> **WORKING DATA**:

lemma bregman_lower_bound_mono:
  "bregman_lower_bound \<mu> \<sigma> \<psi> f \<Longrightarrow> \<psi>' \<le> \<psi> \<Longrightarrow> bregman_lower_bound \<mu> \<sigma> \<psi>' f"
  unfolding bregman_lower_bound_def
  by (smt (verit) mult_right_mono zero_le_power2)

lemma bregman_lower_bound_strongly_convex: "bregman_lower_bound \<mu> 0 (\<mu> / 2) f"
  unfolding bregman_lower_bound_def
proof (intro allI impI)
  fix p q gp gq assume "gq \<in> subdiff \<mu> f q"
  from subdiff_lower_bound[OF this, of p]
  show "0 / 2 * (norm (gp - gq))\<^sup>2 + \<mu> / 2 * (norm (p - q))\<^sup>2 \<le> f p - f q - inner gq (p - q)"
    by simp
qed

lemma quadratic_form_nonneg:
  fixes e w :: "'a::real_inner"
  assumes a: "0 \<le> a" and b: "0 \<le> b" and c: "c\<^sup>2 \<le> 4 * a * b"
  shows "0 \<le> a * (norm e)\<^sup>2 + b * (norm w)\<^sup>2 + c * inner w e"
proof (cases "a = 0")
  case True
  with b c show ?thesis by simp
next
  case False
  hence a0: "0 < a" using a by simp
  have "0 \<le> (norm (a *\<^sub>R e + (c / 2) *\<^sub>R w))\<^sup>2" by simp
  also have "\<dots> = a\<^sup>2 * (norm e)\<^sup>2 + a * c * inner w e + c\<^sup>2 / 4 * (norm w)\<^sup>2"
    unfolding power2_norm_eq_inner by (simp add: algebra_simps inner_commute power2_eq_square)
  also have "\<dots> \<le> a\<^sup>2 * (norm e)\<^sup>2 + a * c * inner w e + a * b * (norm w)\<^sup>2"
    using c by (intro add_left_mono mult_right_mono) auto
  also have "\<dots> = a * (a * (norm e)\<^sup>2 + b * (norm w)\<^sup>2 + c * inner w e)"
    by (simp add: algebra_simps power2_eq_square)
  finally show ?thesis using a0 by (simp add: zero_le_mult_iff)
qed

lemma Fclass_interpolation_pair:
  assumes F: "Fclass \<mu> (ereal l) f" and gp: "gp \<in> subdiff \<mu> f p" and gq: "gq \<in> subdiff \<mu> f q"
  defines "R \<equiv> \<mu> / 2 * (norm (p - q))\<^sup>2 + 1 / (2 * (l - \<mu>)) *
      ((norm (gp - gq))\<^sup>2 - 2 * \<mu> * inner (gp - gq) (p - q) + \<mu>\<^sup>2 * (norm (p - q))\<^sup>2)"
  shows "R \<le> f p - f q - inner gq (p - q)" and "2 * R \<le> inner (gp - gq) (p - q)"
proof -
  have "(norm (gp - gq - \<mu> *\<^sub>R (p - q)))\<^sup>2
      = (norm (gp - gq))\<^sup>2 - 2 * \<mu> * inner (gp - gq) (p - q) + \<mu>\<^sup>2 * (norm (p - q))\<^sup>2"
    and "(norm (gq - gp - \<mu> *\<^sub>R (q - p)))\<^sup>2
      = (norm (gp - gq))\<^sup>2 - 2 * \<mu> * inner (gp - gq) (p - q) + \<mu>\<^sup>2 * (norm (p - q))\<^sup>2"
    unfolding power2_norm_eq_inner by (simp_all add: algebra_simps inner_commute power2_eq_square)
  hence "R \<le> f p - f q - inner gq (p - q)" and "R \<le> f q - f p - inner gp (q - p)"
    using Fclass_interpolation[OF F gp gq] Fclass_interpolation[OF F gq gp]
    unfolding R_def by (simp_all add: norm_minus_commute)
  moreover have "(f p - f q - inner gq (p - q)) + (f q - f p - inner gp (q - p)) = inner (gp - gq) (p - q)"
    by (simp add: algebra_simps inner_commute)
  ultimately show "R \<le> f p - f q - inner gq (p - q)" and "2 * R \<le> inner (gp - gq) (p - q)"
    by linarith+
qed

text \<open>Adding \<open>(s - 1)/2\<close> times the nonpositive quantity \<open>2 R - \<langle>gp - gq, p - q\<rangle>\<close> to the
  interpolation inequality leaves a quadratic form in \<open>p - q\<close> and \<open>gp - gq\<close>; the hypotheses
  \<open>A\<close>, \<open>B\<close>, \<open>C\<close> make it positive semidefinite.\<close>
lemma bregman_lower_bound_of_interpolation:
  assumes F: "Fclass \<mu> (ereal l) f" and s: "1 \<le> s"
    and A: "0 \<le> s * (\<mu> + \<mu>\<^sup>2 / (l - \<mu>)) / 2 - \<psi>"
    and B: "0 \<le> s / (l - \<mu>) / 2 - \<sigma> / 2"
    and C: "(- s * \<mu> / (l - \<mu>) - (s - 1) / 2)\<^sup>2
              \<le> 4 * (s * (\<mu> + \<mu>\<^sup>2 / (l - \<mu>)) / 2 - \<psi>) * (s / (l - \<mu>) / 2 - \<sigma> / 2)"
  shows "bregman_lower_bound \<mu> \<sigma> \<psi> f"
  unfolding bregman_lower_bound_def
proof (intro allI impI)
  fix p q gp gq assume gp: "gp \<in> subdiff \<mu> f p" and gq: "gq \<in> subdiff \<mu> f q"
  define X Y Z where "X = (norm (p - q))\<^sup>2" and "Y = (norm (gp - gq))\<^sup>2" and "Z = inner (gp - gq) (p - q)"
  define k where "k = 1 / (l - \<mu>)"
  have k: "1 / (2 * (l - \<mu>)) = k / 2" "\<mu>\<^sup>2 / (l - \<mu>) = \<mu>\<^sup>2 * k" "s / (l - \<mu>) = s * k"
    "- s * \<mu> / (l - \<mu>) = - s * \<mu> * k"
    unfolding k_def by simp_all
  define R where "R = \<mu> / 2 * X + k / 2 * (Y - 2 * \<mu> * Z + \<mu>\<^sup>2 * X)"
  note interp = Fclass_interpolation_pair[OF F gp gq, folded X_def Y_def Z_def, unfolded k(1), folded R_def]
  have "(s - 1) / 2 * (2 * R - Z) \<le> 0"
    using s interp(2) by (intro mult_nonneg_nonpos) auto
  with interp(1) have "R + (s - 1) / 2 * (2 * R - Z) \<le> f p - f q - inner gq (p - q)" by linarith
  moreover have "0 \<le> (s * (\<mu> + \<mu>\<^sup>2 / (l - \<mu>)) / 2 - \<psi>) * X + (s / (l - \<mu>) / 2 - \<sigma> / 2) * Y
                   + (- s * \<mu> / (l - \<mu>) - (s - 1) / 2) * Z"
    using quadratic_form_nonneg[OF A B C, of "p - q" "gp - gq"] unfolding X_def Y_def Z_def .
  moreover have "R + (s - 1) / 2 * (2 * R - Z) - \<sigma> / 2 * Y - \<psi> * X
     = (s * (\<mu> + \<mu>\<^sup>2 / (l - \<mu>)) / 2 - \<psi>) * X + (s / (l - \<mu>) / 2 - \<sigma> / 2) * Y
       + (- s * \<mu> / (l - \<mu>) - (s - 1) / 2) * Z"
    unfolding R_def k by (simp add: field_simps power2_eq_square)
  ultimately show "\<sigma> / 2 * (norm (gp - gq))\<^sup>2 + \<psi> * (norm (p - q))\<^sup>2 \<le> f p - f q - inner gq (p - q)"
    unfolding X_def Y_def by linarith
qed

> **WHAT YOU NEED TO DO**: Your response should be the lines of the entries above that include the string "close".

> **SOLUTION TO THIS TASK**:
text \<open>Adding \<open>(s - 1)/2\<close> times the nonpositive quantity \<open>2 R - \<langle>gp - gq, p - q\<rangle>\<close> to the
  interpolation inequality leaves a quadratic form in \<open>p - q\<close> and \<open>gp - gq\<close>; the hypotheses
  \<open>A\<close>, \<open>B\<close>, \<open>C\<close> make it positive semidefinite.\<close>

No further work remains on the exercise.